## How to complete this task
Write out the line that has "M. y \<notin>" in it, along with each line that comes after it until the listing ends, and add nothing.

## Recorded data
———
(* Assume $\eta$ is supported on $\{\mathbf{x}\in E:|\mathbf{x}|_\infty\le R\}$ for some $R>0$. Let $\rho$ be a Borel probability distribution on $\mathsf{X}$ such that $f_i$ is $\rho$-integrable for every $i\in[n+1]$, and let $X$ be the process constructed from $\rho$ as in the context. Then for every $i\in[n+1]$ and every $t\ge0$, $\mathbb{E}(f_i(X_t))$ is well-defined and finite.
   Context: Fix $\theta_a,\theta_d>0$, positive integers $n,N$, $E=\mathbb{R}^N$ with the $\infty$-norm $|\cdot|_\infty$, and a Borel probability measure $\eta$ on $E$ with finite mean. $[k]=\{0,\dots,k-1\}$; $|\psi|=\sum_{i\in[n]}\psi(i)$. State space: $\mathsf{X}=\{(\psi,\mathbf{v})\in\{0,1\}^{[n]}\times E^{[n+1]}:\sum_{i\in[n]}\psi(i)(\mathbf{v}(i)-\mathbf{v}(n))=0\}$ (subspace of the product topology, discrete on $\{0,1\}$, Euclidean on $E$). $f_i(\psi,\mathbf{v})=\mathbf{v}(i)$ for $i\in[n+1]$. For $i\in[n]$: $r_i(\psi)=\frac{\theta_d\psi(i)+\theta_a(1-\psi(i))}{\theta_d|\psi|+\theta_a(n-|\psi|)}$; $s_i(\psi)$ agrees with $\psi$ except $s_i(\psi)(i)=1-\psi(i)$. For $\mathsf{x}=(\psi,\mathbf{v})\in\mathsf{X}$, $\lambda_i^{\mathsf{x}}$ is the law of $(s_i(\psi),\mathbf{w})$ with $\mathbf{w}(j)=\mathbf{v}(j)$ for $j\in[n]\setminus\{i\}$ and $(\mathbf{w}(i),\mathbf{w}(n))$ equal to $(\mathbf{v}(i),\mathbf{v}(n))$ if $|\psi|=\psi(i)=1$; $(\mathbf{v}(i),\mathbf{v}(n)-\frac{\mathbf{v}(i)-\mathbf{v}(n)}{|\psi|-1})$ if $|\psi|>\psi(i)=1$; $(\mathbf{x}+\mathbf{v}(n),\frac{\mathbf{x}}{|\psi|+1}+\mathbf{v}(n))$ with $\mathbf{x}\sim\eta$ if $\psi(i)=0$. $\mu(\mathsf{x},B)=\sum_{i\in[n]}r_i(\psi)\lambda_i^{\mathsf{x}}(B)$; $c(\psi,\mathbf{v})=\theta_d|\psi|+\theta_a(n-|\psi|)$. Construction of $X$ from $\rho$: $Y$ is a discrete-time Markov chain on $\mathsf{X}$ with transition kernel $\mu$ and $Y_0\sim\rho$; $(\gamma_k)_{k\ge1}$ i.i.d. standard exponential with $\{Y,\gamma_1,\gamma_2,\dots\}$ independent; $\tau_0=0$, $\tau_k=\sum_{i=1}^k\gamma_i/c(Y_{i-1})$; $X_t=Y_k$ for $t\in[\tau_k,\tau_{k+1})$. *)

theory Defs
  imports "HOL-Probability.Probability"
begin

type_synonym 'N state = "(nat \<Rightarrow> bool) \<times> (nat \<Rightarrow> real ^ 'N)"

text \<open>|psi| = number of indices i < n with psi(i) = 1 (psi(i) = 1 is encoded as psi i = True).\<close>
definition psiCard :: "nat \<Rightarrow> (nat \<Rightarrow> bool) \<Rightarrow> nat" where
  "psiCard n \<psi> = card {i. i < n \<and> \<psi> i}"

definition Xset :: "nat \<Rightarrow> ('N::finite) state set" where
  "Xset n = {(\<psi>, v). \<psi> \<in> {..<n} \<rightarrow>\<^sub>E (UNIV :: bool set) \<and> v \<in> {..<Suc n} \<rightarrow>\<^sub>E (UNIV :: (real ^ 'N) set)
      \<and> (\<Sum>i<n. (if \<psi> i then 1 else 0) *\<^sub>R (v i - v n)) = 0}"

text \<open>Borel sigma-algebra of the product topology (discrete on {0,1}, Euclidean on E), restricted to X.\<close>
definition SX :: "nat \<Rightarrow> ('N::finite) state measure" where
  "SX n = restrict_space
      (PiM {..<n} (\<lambda>_. count_space (UNIV :: bool set)) \<Otimes>\<^sub>M PiM {..<Suc n} (\<lambda>_. (borel :: (real ^ 'N) measure)))
      (Xset n)"

definition crate :: "real \<Rightarrow> real \<Rightarrow> nat \<Rightarrow> ('N::finite) state \<Rightarrow> real" where
  "crate \<theta>a \<theta>d n x = \<theta>d * real (psiCard n (fst x)) + \<theta>a * (real n - real (psiCard n (fst x)))"

definition rrate :: "real \<Rightarrow> real \<Rightarrow> nat \<Rightarrow> nat \<Rightarrow> (nat \<Rightarrow> bool) \<Rightarrow> real" where
  "rrate \<theta>a \<theta>d n i \<psi> =
     (\<theta>d * (if \<psi> i then 1 else 0) + \<theta>a * (if \<psi> i then 0 else 1))
     / (\<theta>d * real (psiCard n \<psi>) + \<theta>a * (real n - real (psiCard n \<psi>)))"

definition sflip :: "nat \<Rightarrow> (nat \<Rightarrow> bool) \<Rightarrow> (nat \<Rightarrow> bool)" where
  "sflip i \<psi> = \<psi>(i := \<not> \<psi> i)"

definition wvec :: "nat \<Rightarrow> nat \<Rightarrow> (nat \<Rightarrow> real ^ 'N) \<Rightarrow> real ^ 'N \<Rightarrow> real ^ 'N \<Rightarrow> (nat \<Rightarrow> real ^ 'N)" where
  "wvec n i v a b = (\<lambda>j. if j = i then a else if j = n then b else if j < Suc n then v j else undefined)"

text \<open>lambda_i^x(B) (for the deterministic cases the law is a Dirac mass,
  for psi(i)=0 it is the image of eta).\<close>
definition lamK :: "nat \<Rightarrow> (real ^ 'N) measure \<Rightarrow> ('N::finite) state \<Rightarrow> nat \<Rightarrow> ('N::finite) state set \<Rightarrow> real" where
  "lamK n \<eta> x i B =
     (let \<psi> = fst x; v = snd x; k = psiCard n \<psi> in
      if \<psi> i then
        (if k = 1 then indicator B (sflip i \<psi>, wvec n i v (v i) (v n))
         else indicator B (sflip i \<psi>, wvec n i v (v i) (v n - inverse (real k - 1) *\<^sub>R (v i - v n))))
      else measure \<eta> ((\<lambda>y. (sflip i \<psi>, wvec n i v (y + v n) (inverse (real k + 1) *\<^sub>R y + v n))) -` B
                       \<inter> space \<eta>))"

definition muK :: "real \<Rightarrow> real \<Rightarrow> nat \<Rightarrow> (real ^ 'N) measure \<Rightarrow> ('N::finite) state \<Rightarrow> ('N::finite) state set \<Rightarrow> real" where
  "muK \<theta>a \<theta>d n \<eta> x B = (\<Sum>i<n. rrate \<theta>a \<theta>d n i (fst x) * lamK n \<eta> x i B)"

text \<open>Y is a discrete-time Markov chain on (X, SX) with kernel mu and Y_0 ~ rho
  (characterised through its finite-dimensional distributions).\<close>
definition markov_chain ::
  "'w measure \<Rightarrow> ('N::finite) state measure \<Rightarrow> (('N::finite) state \<Rightarrow> ('N::finite) state set \<Rightarrow> real) \<Rightarrow> ('N::finite) state measure
     \<Rightarrow> (nat \<Rightarrow> 'w \<Rightarrow> ('N::finite) state) \<Rightarrow> bool" where
  "markov_chain M S K \<rho> Y \<longleftrightarrow>
     (\<forall>k. Y k \<in> measurable M S) \<and> distr M S (Y 0) = \<rho> \<and>
     (\<forall>k A. (\<forall>j. A j \<in> sets S) \<longrightarrow>
        emeasure M {\<omega> \<in> space M. \<forall>j\<le>Suc k. Y j \<omega> \<in> A j}
        = (\<integral>\<^sup>+ \<omega>. indicator {\<omega> \<in> space M. \<forall>j\<le>k. Y j \<omega> \<in> A j} \<omega> * ennreal (K (Y k \<omega>) (A (Suc k))) \<partial>M))"

text \<open>Jump times: tau_k = sum_{i<k} gamma_i / c(Y_i) (gamma 0 plays the role of gamma_1).\<close>
definition jump_time :: "(nat \<Rightarrow> 'w \<Rightarrow> real) \<Rightarrow> (('N::finite) state \<Rightarrow> real) \<Rightarrow> (nat \<Rightarrow> 'w \<Rightarrow> ('N::finite) state) \<Rightarrow> nat \<Rightarrow> 'w \<Rightarrow> real" where
  "jump_time \<gamma> c Y k \<omega> = (\<Sum>i<k. \<gamma> i \<omega> / c (Y i \<omega>))"

text \<open>X_t = Y_k for t in [tau_k, tau_(k+1)).\<close>
definition jump_process :: "(nat \<Rightarrow> 'w \<Rightarrow> real) \<Rightarrow> (('N::finite) state \<Rightarrow> real) \<Rightarrow> (nat \<Rightarrow> 'w \<Rightarrow> ('N::finite) state) \<Rightarrow> real \<Rightarrow> 'w \<Rightarrow> ('N::finite) state" where
  "jump_process \<gamma> c Y t \<omega> = Y (LEAST k. t < jump_time \<gamma> c Y (Suc k) \<omega>) \<omega>"

end

theory Submission
  imports Defs
begin

text \<open>Each jump changes the velocities by a bounded amount almost surely: an arriving particle
  shifts them by at most \<open>C = CARD('N) * R\<close>, the bound on the support of \<open>\<eta>\<close>, and a departing
  one moves the centre of mass \<open>v n\<close> to the mean of the remaining velocities. So after \<open>k\<close> jumps
  all velocities are bounded by \<open>B\<^sub>0 + k * C\<close>, where \<open>B\<^sub>0 = \<Sum>j\<le>n. |v j|\<close> at time 0 is
  integrable under \<open>\<rho>\<close>. All jump rates are at most \<open>cmax = (\<theta>a + \<theta>d) * n\<close>, so the number
  \<open>N\<^sub>t\<close> of jumps before time \<open>t\<close> is at most the number of \<open>k\<close> with
  \<open>\<gamma>\<^sub>0 + \<dots> + \<gamma>\<^sub>k \<le> t * cmax\<close>; these Erlang partial sums satisfy the Chernoff bound
  \<open>P(\<gamma>\<^sub>0 + \<dots> + \<gamma>\<^sub>k \<le> s) \<le> exp s / 2 ^ (k + 1)\<close>, hence \<open>E N\<^sub>t < \<infinity>\<close> and
  \<open>|f\<^sub>i(X\<^sub>t)| \<le> B\<^sub>0 + C * N\<^sub>t\<close> is integrable.\<close>

definition vel_bounded :: "nat \<Rightarrow> real \<Rightarrow> ('N::finite) state \<Rightarrow> bool" where
  "vel_bounded n b x \<longleftrightarrow> (\<forall>j\<le>n. norm (snd x j) \<le> b)"

lemma psiCard_le: "psiCard n \<psi> \<le> n"
  unfolding psiCard_def by (rule card_mono[of "{..<n}", simplified]) auto

lemma real_psiCard_eq_sum: "real (psiCard n \<psi>) = (\<Sum>i<n. of_bool (\<psi> i))"
  unfolding psiCard_def by (simp add: Int_def)

text \<open>Removing particle \<open>i\<close> replaces the centre of mass \<open>v n\<close> by the mean of the
  remaining velocities, which is bounded by their maximum.\<close>
lemma norm_removal_velocity_le:
  fixes v :: "nat \<Rightarrow> real ^ 'N::finite"
  assumes centre: "(\<Sum>j<n. (if \<psi> j then 1 else 0) *\<^sub>R (v j - v n)) = 0"
    and i: "i < n" "\<psi> i" and not_last: "psiCard n \<psi> \<noteq> 1"
    and bound: "\<forall>j\<le>n. norm (v j) \<le> b"
  shows "norm (v n - inverse (real (psiCard n \<psi>) - 1) *\<^sub>R (v i - v n)) \<le> b"
proof -
  define A where "A = {j. j < n \<and> \<psi> j}"
  define k where "k = card A"
  have fin: "finite A" and iA: "i \<in> A" using i by (auto simp: A_def)
  have card_eq: "psiCard n \<psi> = k" unfolding k_def A_def psiCard_def ..
  have "k \<noteq> 0" "k \<noteq> 1" using fin iA not_last card_eq by (auto simp: k_def)
  then have k1: "real k - 1 > 0" by linarith
  have "(\<Sum>j<n. (if \<psi> j then 1 else 0) *\<^sub>R (v j - v n)) = (\<Sum>j\<in>A. v j - v n)"
    unfolding A_def by (rule sum.mono_neutral_cong_right) auto
  then have "(\<Sum>j\<in>A. v j) = real k *\<^sub>R v n"
    using centre by (simp add: sum_subtractf k_def sum_constant_scaleR del: sum_constant)
  then have rest: "(\<Sum>j\<in>A - {i}. v j) = real k *\<^sub>R v n - v i"
    using sum_diff1[OF fin, of v] iA by simp
  have "v n - inverse (real k - 1) *\<^sub>R (v i - v n) = inverse (real k - 1) *\<^sub>R (\<Sum>j\<in>A - {i}. v j)"
  proof -
    have e: "inverse (real k - 1) * real k = 1 + inverse (real k - 1)"
      using k1 by (simp add: field_simps)
    have "inverse (real k - 1) *\<^sub>R (real k *\<^sub>R v n - v i)
        = (inverse (real k - 1) * real k) *\<^sub>R v n - inverse (real k - 1) *\<^sub>R v i"
      by (simp add: scaleR_diff_right)
    also have "\<dots> = v n - inverse (real k - 1) *\<^sub>R (v i - v n)"
      unfolding e by (simp add: scaleR_add_left scaleR_diff_right)
    finally show ?thesis unfolding rest by simp
  qed
  also have "norm \<dots> \<le> inverse (real k - 1) * (\<Sum>j\<in>A - {i}. norm (v j))"
    using k1 by (simp add: norm_sum)
  also have "\<dots> \<le> inverse (real k - 1) * (\<Sum>j\<in>A - {i}. b)"
    using k1 bound by (intro mult_left_mono sum_mono) (auto simp: A_def)
  also have "\<dots> = b" using k1 fin iA by (simp add: k_def)
  finally show ?thesis unfolding card_eq .
qed

lemma measure_eq_0_if_AE_notin:
  assumes "AE y in M. y \<notin> A"
  shows "measure M (A \<inter> space M) = 0"
proof (cases "A \<inter> space M \<in> sets M")
  case True
  with assms show ?thesis
    by (subst (asm) AE_iff_measurable[where N = "A \<inter> space M"]) (auto simp: measure_def)
qed (simp add: measure_notin_sets)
———
## Solution for this exercise
  assumes "AE y in M. y \<notin> A"
  shows "measure M (A \<inter> space M) = 0"
proof (cases "A \<inter> space M \<in> sets M")
  case True
  with assms show ?thesis
    by (subst (asm) AE_iff_measurable[where N = "A \<inter> space M"]) (auto simp: measure_def)
qed (simp add: measure_notin_sets)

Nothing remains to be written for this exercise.